▶ **The data**
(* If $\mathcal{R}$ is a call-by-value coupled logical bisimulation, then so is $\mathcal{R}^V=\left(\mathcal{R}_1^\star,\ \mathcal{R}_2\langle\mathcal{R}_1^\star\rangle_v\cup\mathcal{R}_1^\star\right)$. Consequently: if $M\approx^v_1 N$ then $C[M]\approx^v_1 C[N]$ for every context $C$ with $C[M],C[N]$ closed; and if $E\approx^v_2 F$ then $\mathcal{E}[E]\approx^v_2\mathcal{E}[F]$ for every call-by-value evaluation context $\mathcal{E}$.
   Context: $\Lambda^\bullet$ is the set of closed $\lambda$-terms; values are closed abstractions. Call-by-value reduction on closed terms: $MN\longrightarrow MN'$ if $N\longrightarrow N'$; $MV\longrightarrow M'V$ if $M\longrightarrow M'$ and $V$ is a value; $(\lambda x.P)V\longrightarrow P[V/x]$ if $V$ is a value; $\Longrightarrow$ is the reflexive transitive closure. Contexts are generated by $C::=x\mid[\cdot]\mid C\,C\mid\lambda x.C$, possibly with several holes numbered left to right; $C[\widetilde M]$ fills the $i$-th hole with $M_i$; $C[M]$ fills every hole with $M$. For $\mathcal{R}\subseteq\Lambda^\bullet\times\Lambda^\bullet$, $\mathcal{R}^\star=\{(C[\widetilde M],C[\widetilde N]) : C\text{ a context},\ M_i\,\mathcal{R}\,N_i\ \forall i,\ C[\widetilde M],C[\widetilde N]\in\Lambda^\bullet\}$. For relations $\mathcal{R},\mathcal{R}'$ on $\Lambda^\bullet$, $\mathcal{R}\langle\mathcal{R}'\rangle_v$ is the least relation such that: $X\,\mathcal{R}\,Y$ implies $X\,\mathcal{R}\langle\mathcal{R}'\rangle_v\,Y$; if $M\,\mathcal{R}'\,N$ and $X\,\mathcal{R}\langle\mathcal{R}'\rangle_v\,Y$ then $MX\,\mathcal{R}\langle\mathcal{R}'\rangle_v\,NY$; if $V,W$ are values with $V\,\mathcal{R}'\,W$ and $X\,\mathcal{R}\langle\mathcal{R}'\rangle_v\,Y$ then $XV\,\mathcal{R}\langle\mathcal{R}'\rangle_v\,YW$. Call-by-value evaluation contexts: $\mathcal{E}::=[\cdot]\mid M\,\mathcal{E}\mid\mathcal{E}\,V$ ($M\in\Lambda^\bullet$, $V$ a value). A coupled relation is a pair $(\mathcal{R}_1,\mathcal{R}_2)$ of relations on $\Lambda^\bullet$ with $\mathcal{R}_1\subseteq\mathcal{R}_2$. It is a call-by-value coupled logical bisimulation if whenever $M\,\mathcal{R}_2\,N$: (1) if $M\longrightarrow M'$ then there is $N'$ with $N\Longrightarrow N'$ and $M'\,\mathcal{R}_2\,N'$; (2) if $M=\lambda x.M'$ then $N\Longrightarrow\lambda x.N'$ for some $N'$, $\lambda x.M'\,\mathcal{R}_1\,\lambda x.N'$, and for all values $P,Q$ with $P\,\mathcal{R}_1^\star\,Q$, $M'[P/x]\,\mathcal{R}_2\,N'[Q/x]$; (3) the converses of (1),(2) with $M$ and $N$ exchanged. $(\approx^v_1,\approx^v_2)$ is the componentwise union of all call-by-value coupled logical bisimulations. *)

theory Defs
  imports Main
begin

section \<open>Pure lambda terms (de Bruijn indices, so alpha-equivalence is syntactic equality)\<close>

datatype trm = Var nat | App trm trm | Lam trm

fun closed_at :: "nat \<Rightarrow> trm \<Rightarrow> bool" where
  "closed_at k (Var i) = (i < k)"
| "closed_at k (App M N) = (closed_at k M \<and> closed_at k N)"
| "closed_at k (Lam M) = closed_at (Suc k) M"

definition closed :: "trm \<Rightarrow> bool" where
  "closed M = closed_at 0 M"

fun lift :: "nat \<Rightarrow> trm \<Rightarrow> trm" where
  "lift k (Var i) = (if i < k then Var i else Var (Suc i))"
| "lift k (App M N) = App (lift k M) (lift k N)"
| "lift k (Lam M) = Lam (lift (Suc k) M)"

▶ **Problem requirements**
Would you write down every record again, exactly?

▶ **Written reply**
(* If $\mathcal{R}$ is a call-by-value coupled logical bisimulation, then so is $\mathcal{R}^V=\left(\mathcal{R}_1^\star,\ \mathcal{R}_2\langle\mathcal{R}_1^\star\rangle_v\cup\mathcal{R}_1^\star\right)$. Consequently: if $M\approx^v_1 N$ then $C[M]\approx^v_1 C[N]$ for every context $C$ with $C[M],C[N]$ closed; and if $E\approx^v_2 F$ then $\mathcal{E}[E]\approx^v_2\mathcal{E}[F]$ for every call-by-value evaluation context $\mathcal{E}$.
   Context: $\Lambda^\bullet$ is the set of closed $\lambda$-terms; values are closed abstractions. Call-by-value reduction on closed terms: $MN\longrightarrow MN'$ if $N\longrightarrow N'$; $MV\longrightarrow M'V$ if $M\longrightarrow M'$ and $V$ is a value; $(\lambda x.P)V\longrightarrow P[V/x]$ if $V$ is a value; $\Longrightarrow$ is the reflexive transitive closure. Contexts are generated by $C::=x\mid[\cdot]\mid C\,C\mid\lambda x.C$, possibly with several holes numbered left to right; $C[\widetilde M]$ fills the $i$-th hole with $M_i$; $C[M]$ fills every hole with $M$. For $\mathcal{R}\subseteq\Lambda^\bullet\times\Lambda^\bullet$, $\mathcal{R}^\star=\{(C[\widetilde M],C[\widetilde N]) : C\text{ a context},\ M_i\,\mathcal{R}\,N_i\ \forall i,\ C[\widetilde M],C[\widetilde N]\in\Lambda^\bullet\}$. For relations $\mathcal{R},\mathcal{R}'$ on $\Lambda^\bullet$, $\mathcal{R}\langle\mathcal{R}'\rangle_v$ is the least relation such that: $X\,\mathcal{R}\,Y$ implies $X\,\mathcal{R}\langle\mathcal{R}'\rangle_v\,Y$; if $M\,\mathcal{R}'\,N$ and $X\,\mathcal{R}\langle\mathcal{R}'\rangle_v\,Y$ then $MX\,\mathcal{R}\langle\mathcal{R}'\rangle_v\,NY$; if $V,W$ are values with $V\,\mathcal{R}'\,W$ and $X\,\mathcal{R}\langle\mathcal{R}'\rangle_v\,Y$ then $XV\,\mathcal{R}\langle\mathcal{R}'\rangle_v\,YW$. Call-by-value evaluation contexts: $\mathcal{E}::=[\cdot]\mid M\,\mathcal{E}\mid\mathcal{E}\,V$ ($M\in\Lambda^\bullet$, $V$ a value). A coupled relation is a pair $(\mathcal{R}_1,\mathcal{R}_2)$ of relations on $\Lambda^\bullet$ with $\mathcal{R}_1\subseteq\mathcal{R}_2$. It is a call-by-value coupled logical bisimulation if whenever $M\,\mathcal{R}_2\,N$: (1) if $M\longrightarrow M'$ then there is $N'$ with $N\Longrightarrow N'$ and $M'\,\mathcal{R}_2\,N'$; (2) if $M=\lambda x.M'$ then $N\Longrightarrow\lambda x.N'$ for some $N'$, $\lambda x.M'\,\mathcal{R}_1\,\lambda x.N'$, and for all values $P,Q$ with $P\,\mathcal{R}_1^\star\,Q$, $M'[P/x]\,\mathcal{R}_2\,N'[Q/x]$; (3) the converses of (1),(2) with $M$ and $N$ exchanged. $(\approx^v_1,\approx^v_2)$ is the componentwise union of all call-by-value coupled logical bisimulations. *)

theory Defs
  imports Main
begin

section \<open>Pure lambda terms (de Bruijn indices, so alpha-equivalence is syntactic equality)\<close>

datatype trm = Var nat | App trm trm | Lam trm

fun closed_at :: "nat \<Rightarrow> trm \<Rightarrow> bool" where
  "closed_at k (Var i) = (i < k)"
| "closed_at k (App M N) = (closed_at k M \<and> closed_at k N)"
| "closed_at k (Lam M) = closed_at (Suc k) M"

definition closed :: "trm \<Rightarrow> bool" where
  "closed M = closed_at 0 M"

fun lift :: "nat \<Rightarrow> trm \<Rightarrow> trm" where
  "lift k (Var i) = (if i < k then Var i else Var (Suc i))"
| "lift k (App M N) = App (lift k M) (lift k N)"
| "lift k (Lam M) = Lam (lift (Suc k) M)"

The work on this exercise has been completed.